Schneider and Dubé (2005) used the same three elicitation modalities as they had previously used (1997) in similar study populations, but investigated the impact of the presentation modalities on story grammar units produced by the children. Their results indicated that all children performed similarly during the visual-only modality, and that this modality elicited the least story grammar units for both age groups. For the audio-only and combined audiovisual presentations, developmental differences were observed. Preschool children produced more story grammar units in the audiovisual condition than in the picture-only condition. Grade 2 children produced more story grammar units in both audio conditions (audio-only and audiovisual) than in the visual-only condition. They concluded that children have poorer narrative performance in visual-only tasks (pictures), because they need to apply their own internalised story knowledge to interpret the information and to produce a coherent narrative.
A few studies have also explored the use of animation in narrative assessment. Most of these studies used commercially available videos or animations that were not specifically designed and compiled for narrative elicitation (Gutierrez-Clellen & Iglesias, 1992; Meringoff, 1980; Lorch, Berthiaume, Milich & Van den Broek, 2007). Other studies adapted existing commercially available videos (Merritt & Liles, 1987; Scott & Windsor, 2000). Commercial videos may have high interest value to children, because they may be more familiar with the content of the stories. However, video stories that were not designed to contain the specific structural aspects of narratives under investigation may fail to elicit these structures in retellings. Children may fail to include certain aspects of narratives, such as settings and goals of characters, because the story did not provide enough contextual clues about these narrative aspects. This may result in lower narrative scores and stories that are not representative of children’s true narrative abilities, as a result of the story content rather than the presentation modality.
In contrast to animated videos, wordless picture books have routinely been used in narrative assessment and narrative research studies. The books are usually selected because they portray the narrative structures under investigation, such as story grammar elements (i.e. settings, characters, problems, solutions). The wordless picture book Frog where are you? (Mayer, 1969) in particular, has been used by many researchers (Gutierrez-Clellen & Iglesias, 1992; Trabasso & Rodkin, 1994).

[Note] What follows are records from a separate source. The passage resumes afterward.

lemma sin_le_sinc_upper_poly:
  fixes x :: real
  assumes "0 \<le> x"
  shows "sin x \<le> x * sinc_upper_poly (x^2)"
proof -
  have "x - x^3/6 + x^5/120 - x^7/5040 + \<bar>x\<bar>^9/362880 = x * sinc_upper_poly (x^2)"
    using assms unfolding sinc_upper_poly_def by (simp add: divide_simps) algebra
  then show ?thesis
    using sin_le_Taylor_9[of x] by simp
qed

lemma cos_lower_poly_le_cos: "cos_lower_poly (x^2) \<le> cos (x::real)"
proof -
  have "cos_lower_poly (x^2) = 1 - x^2/2 + x^4/24 - x^6/720 - x^8/40320"
    unfolding cos_lower_poly_def by (simp add: divide_simps)
  then show ?thesis
    using cos_ge_Taylor_8[of x] by simp
qed

lemma sinc_upper_poly_cos_lower_poly_bounds:
  fixes z :: real
  assumes z: "0 < z" "z \<le> 49/25"
  shows "0 < sinc_upper_poly z" "sinc_upper_poly z < 1" "0 < cos_lower_poly z"
proof -
  have "z^2 \<le> 49/25 * z"
    using z by (simp add: power2_eq_square mult_right_mono)
  moreover have "z^3 \<le> 117649/15625" "z^4 \<le> 5764801/390625"
    using power_mono[OF z(2), of 3] power_mono[OF z(2), of 4] z by (simp_all add: power_divide)
  moreover have "z^4 \<le> 117649/15625 * z"
    using mult_right_mono[OF \<open>z^3 \<le> 117649/15625\<close>, of z] z by (simp add: eval_nat_numeral)
  moreover have "0 \<le> z^2" "0 \<le> z^3" "0 \<le> z^4"
    using z by simp_all
  ultimately show "0 < sinc_upper_poly z" "sinc_upper_poly z < 1" "0 < cos_lower_poly z"
    using z unfolding sinc_upper_poly_def cos_lower_poly_def by linarith+
qed

lemma Pade_numerator_pos:
  fixes z :: real
  assumes z: "0 < z" "z \<le> 49/25"
  defines "u \<equiv> sinc_upper_poly z" and "c \<equiv> cos_lower_poly z"
  shows "0 < (3 + u) * (5 * c + 3 * u) + c * (3 * c + 5 * u) * (1 + 3 * u)
    - 2 * u * (1 + 3 * u) * (5 * c + 3 * u)"
proof -
  define q where "q = 2/5 - 113/420 * z + 311/6300 * z^2 - 1387/302400 * z^3 + 9869/42336000 * z^4
    - 487/84672000 * z^5 - 19/6096384000 * z^6 + 5963/1536288768000 * z^7
    - 787/9217732608000 * z^8 + 1/2257403904000 * z^9 + 47/2654706991104000 * z^10"
  have "(3 + u) * (5 * c + 3 * u) + c * (3 * c + 5 * u) * (1 + 3 * u)
    - 2 * u * (1 + 3 * u) * (5 * c + 3 * u) = z^2 * q"
    unfolding u_def c_def q_def sinc_upper_poly_def cos_lower_poly_def
    by (simp add: divide_simps) algebra
  moreover have "0 < q"
  proof -
    have "(2/5) - (113/420) * z + (311/6300) * z^2 - (8762/140625)
      = (49/25 - z) * (113/420 - 311/6300 * (z + 49/25))"
      by (simp add: divide_simps) algebra
    moreover have "(49/25 - z) * (113/420 - 311/6300 * (z + 49/25)) \<ge> 0"
      using z by (intro mult_nonneg_nonneg) auto
    moreover have "z^3 \<le> 117649/15625" "z^5 \<le> 282475249/9765625" "z^6 \<le> 13841287201/244140625"
      "z^8 \<le> 33232930569601/152587890625"
      using power_mono[OF z(2), of 3] power_mono[OF z(2), of 5] power_mono[OF z(2), of 6]
        power_mono[OF z(2), of 8] z by (simp_all add: power_divide)
    moreover have "0 \<le> z^4" "0 \<le> z^7" "0 \<le> z^9" "0 \<le> z^10"
      using z by simp_all
    ultimately show ?thesis
      unfolding q_def by linarith
  qed
  ultimately show ?thesis
    using z by simp
qed

lemma Pade_sum_gt_two:
  fixes u c :: real
  assumes u: "0 < u" and c: "0 < c"
    and num: "0 < (3 + u) * (5 * c + 3 * u) + c * (3 * c + 5 * u) * (1 + 3 * u)
      - 2 * u * (1 + 3 * u) * (5 * c + 3 * u)"
  shows "2 < (1/u) * (3 * (1/u) + 1) / ((1/u) + 3) + (c/u) * (3 * (c/u) + 5) / (5 * (c/u) + 3)"
proof -
  define d where "d = u * (1 + 3 * u) * (5 * c + 3 * u)"
  have "0 < d"
    using u c by (simp add: d_def)
  have "(1/u) * (3 * (1/u) + 1) / ((1/u) + 3) + (c/u) * (3 * (c/u) + 5) / (5 * (c/u) + 3)
    = ((3 + u) * (5 * c + 3 * u) + c * (3 * c + 5 * u) * (1 + 3 * u)) / d"
    using u c unfolding d_def by (simp add: divide_simps)
  moreover have "2 < ((3 + u) * (5 * c + 3 * u) + c * (3 * c + 5 * u) * (1 + 3 * u)) / d"
    using num \<open>0 < d\<close> by (simp add: less_divide_eq d_def algebra_simps)
  ultimately show ?thesis
    by simp
qed
lemma maxmax_comparison_iff_subset:
  assumes "algebra UNIV Sig" "convex X" "affine_on X u" "nonconstant_on X u"
    and "D1 \<subseteq> fa_probs Sig" "compact D1" "convex_ms D1" "D1 \<noteq> {}"
    and "D2 \<subseteq> fa_probs Sig" "D2 \<noteq> {}"
  shows "(\<forall>f\<in>simple_acts Sig X. \<forall>x\<in>X.
            (SUP p\<in>D1. EU u p f) < u x \<longrightarrow> (SUP p\<in>D2. EU u p f) < u x)
         \<longleftrightarrow> D2 \<subseteq> D1"
proof -
  have SUP_eq: "(SUP p\<in>D. EU u p f) = - (INF p\<in>D. EU (\<lambda>y. - u y) p f)" for D f
    by (simp add: EU_uminus Inf_real_def image_image)
  have "affine_on X (\<lambda>y. - u y)" "nonconstant_on X (\<lambda>y. - u y)"
    using assms(3,4) unfolding affine_on_def nonconstant_on_def by (auto simp: algebra_simps)
  from maxmin_comparison_iff_subset[OF assms(1,2) this assms(5-10)]
  show ?thesis
    unfolding SUP_eq by (simp add: minus_less_iff)
qed

lemma hp_rep_pref_const_iff:
  assumes "algebra UNIV Sig" "hp_rep Sig X pref u C D" "f \<in> simple_acts Sig X" "x \<in> X"
  shows "pref f (\<lambda>_. x) \<longleftrightarrow> u x < (INF p\<in>C. EU u p f)"
    and "pref (\<lambda>_. x) f \<longleftrightarrow> (SUP p\<in>D. EU u p f) < u x"
proof -
  have C: "C \<subseteq> fa_probs Sig" and D: "D \<subseteq> fa_probs Sig" and "C \<inter> D \<noteq> {}"
    using assms(2) unfolding hp_rep_def by blast+
  have pref: "\<forall>f\<in>simple_acts Sig X. \<forall>g\<in>simple_acts Sig X. pref f g \<longleftrightarrow>
      (INF p\<in>C. EU u p g) < (INF p\<in>C. EU u p f) \<and> (SUP p\<in>D. EU u p g) < (SUP p\<in>D. EU u p f)"
    using assms(2) unfolding hp_rep_def by (elim conjE)
  obtain q where "q \<in> C" "q \<in> D"
    using \<open>C \<inter> D \<noteq> {}\<close> by blast
  have "(INF p\<in>C. EU u p (\<lambda>_. x)) = (INF p\<in>C. u x)" "(SUP p\<in>D. EU u p (\<lambda>_. x)) = (SUP p\<in>D. u x)"
    using C D by (auto intro!: INF_cong SUP_cong simp: EU_const[of _ Sig] subset_iff)
  then have const: "(INF p\<in>C. EU u p (\<lambda>_. x)) = u x" "(SUP p\<in>D. EU u p (\<lambda>_. x)) = u x"
    using \<open>q \<in> C\<close> \<open>q \<in> D\<close> by (metis cINF_const cSUP_const empty_iff)+
  have "(INF p\<in>C. EU u p f) \<le> EU u q f" "EU u q f \<le> (SUP p\<in>D. EU u p f)"
    using cINF_lower[OF EU_bdd(1)[OF assms(1) C assms(3)] \<open>q \<in> C\<close>]
      cSUP_upper[OF \<open>q \<in> D\<close> EU_bdd(2)[OF assms(1) D assms(3)]] by auto
  then show "pref f (\<lambda>_. x) \<longleftrightarrow> u x < (INF p\<in>C. EU u p f)"
    and "pref (\<lambda>_. x) f \<longleftrightarrow> (SUP p\<in>D. EU u p f) < u x"
    using pref simple_acts_const[OF assms(1,4)] assms(3) const by auto
qed

theorem proposition2:
  fixes Sig :: "'s set set" and X :: "'x::real_vector set" and u :: "'x \<Rightarrow> real"
    and pref1 pref2 :: "('s \<Rightarrow> 'x) \<Rightarrow> ('s \<Rightarrow> 'x) \<Rightarrow> bool"
    and C1 D1 C2 D2 :: "('s set \<Rightarrow> real) set"
  assumes "algebra UNIV Sig"
    and "convex X" and "\<exists>x\<in>X. \<exists>y\<in>X. x \<noteq> y"
    and "affine_on X u" and "nonconstant_on X u"
    and "hp_unique_rep Sig X pref1 u C1 D1"
    and "hp_unique_rep Sig X pref2 u C2 D2"
  shows "(more_ambiguity_averse Sig X pref1 pref2 \<longleftrightarrow> C2 \<subseteq> C1)
       \<and> (more_ambiguity_loving Sig X pref1 pref2 \<longleftrightarrow> D2 \<subseteq> D1)"
proof -
  have hp1: "hp_rep Sig X pref1 u C1 D1" and hp2: "hp_rep Sig X pref2 u C2 D2"
    using assms(6,7) unfolding hp_unique_rep_def by blast+
  have C1: "C1 \<subseteq> fa_probs Sig" "compact C1" "convex_ms C1" "C1 \<noteq> {}"
    and D1: "D1 \<subseteq> fa_probs Sig" "compact D1" "convex_ms D1" "D1 \<noteq> {}"
    using hp1 unfolding hp_rep_def by auto
  have C2: "C2 \<subseteq> fa_probs Sig" "C2 \<noteq> {}" and D2: "D2 \<subseteq> fa_probs Sig" "D2 \<noteq> {}"
    using hp2 unfolding hp_rep_def by auto
  note maxmin = maxmin_comparison_iff_subset[OF assms(1,2,4,5) C1 C2]
  note maxmax = maxmax_comparison_iff_subset[OF assms(1,2,4,5) D1 D2]
  show ?thesis
    unfolding more_ambiguity_averse_def more_ambiguity_loving_def maxmin[symmetric] maxmax[symmetric]
    using hp_rep_pref_const_iff[OF assms(1) hp1] hp_rep_pref_const_iff[OF assms(1) hp2]
    by auto
qed

end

According to Arizpe (2013) wordless picture books are often considered by researchers the ‘ideal medium’ to investigate language development and storytelling skills because the books are usually brief, deal with themes that interest young readers and minimise bias against participants with lower literacy levels.
Narratives are usually analysed at two levels, namely microstructure and macrostructure. Microstructural analyses focus on the internal linguistic structures used in the construction of the narrative, such as noun phrases and conjunctions. Macrostructural analyses, by contrast, focus on higher-order hierarchical organisation such as episodic structure and story grammar components (Heilmann et al., 2010). Microstructure and macrostructure variables therefore represent two distinct areas underlying narrative competence. The variables investigated in this study were grouped into these two broad categories.
This study fell within a quantitative, comparative, between-subjects paradigm and was guided by the following research question: What is the effect of two different visual presentation modalities, an animated video and a wordless picture book, on the narrative skills of mainstream grade 3 children?
Our specific research questions were: What are the differences between the narratives of children who viewed a silent animated video and children who viewed a wordless picture book in terms of the following aspects of micro- and macrostructure:
• Quantity (number of words and number of T-units)?
• Lexical diversity (number of different words)?
• Syntactic complexity (mean length of T-units)?
• Story structure (number of complete goal-attempt-outcome (GOA) sequences)?
Since the focus was on the effect of visual presentation, no model story or audio input was given to the participants. They were required to generate their own stories from the pictures, in other words, story generation or telling instead of retelling. Our expectation was that animation of pictures would result in longer and more complex narratives because the portrayal of movement would facilitate better understanding of the goals and intentions of characters.
A T-unit (terminal unit) comprises a main clause with all its concomitant subordinate clauses and phrases (Owens, 2004:190). Simple sentences, e.g. The children played outside, and complex sentences with embedded clauses e.g. Whatever she told you was true comprise one T-unit. A compound sentence where two or more clauses are conjoined, e.g. The children played outside while their mother made supper, comprises two T-units.
The original study from which the present study’s data were extracted was approved by the institutional ethical review committee of Stellenbosch University (N09/01/016). Formal written consent was obtained from the Western Cape Education Department (2009/0320-0010), school principal, parents and participants prior to the study.
This study reports data of 20 children who were part of a larger project (Engelbrecht, 2010) that investigated the effect of different visual modality and task conditions on the narratives of 29 grade 3 children in a mainstream school. The initial study’s participants were recruited from a primary school in the Western Cape, South Africa by sending letters to the parents of grade 3 learners in two Afrikaans-medium classes. Selection criteria specified that they should be in grade 3, Afrikaans home language speakers receiving their formal education in their home language, and that they have no speech or language problems and normal hearing. The children came from the same suburban community, cultural group and middle-class socio-economic background. A parent questionnaire was used to exclude participants with a history of speech or language problems, chronic otitis media or hearing problems. For inclusion in the study, children had to pass otoscopic examinations and pure tone hearing screening at 20 dB levels at 500, 1 000, 2 000 and 4 000 Hz (Stach, 1998). A GSI 38 screening audiometer was used for the hearing screening. Children who failed the hearing screening test were excluded from the study and referred for hearing tests. Participants’ receptive language skills were assessed by means of the Afrikaanse Reseptiewe Woordeskattoets (ARW) (Buitendag, 1994), a formal standardised test developed for use in the South African population. The data of 9 children who obtained ARW standard scores that were below 1 standard deviation (SD) from the average, indicative of receptive language impairments, were excluded from the study.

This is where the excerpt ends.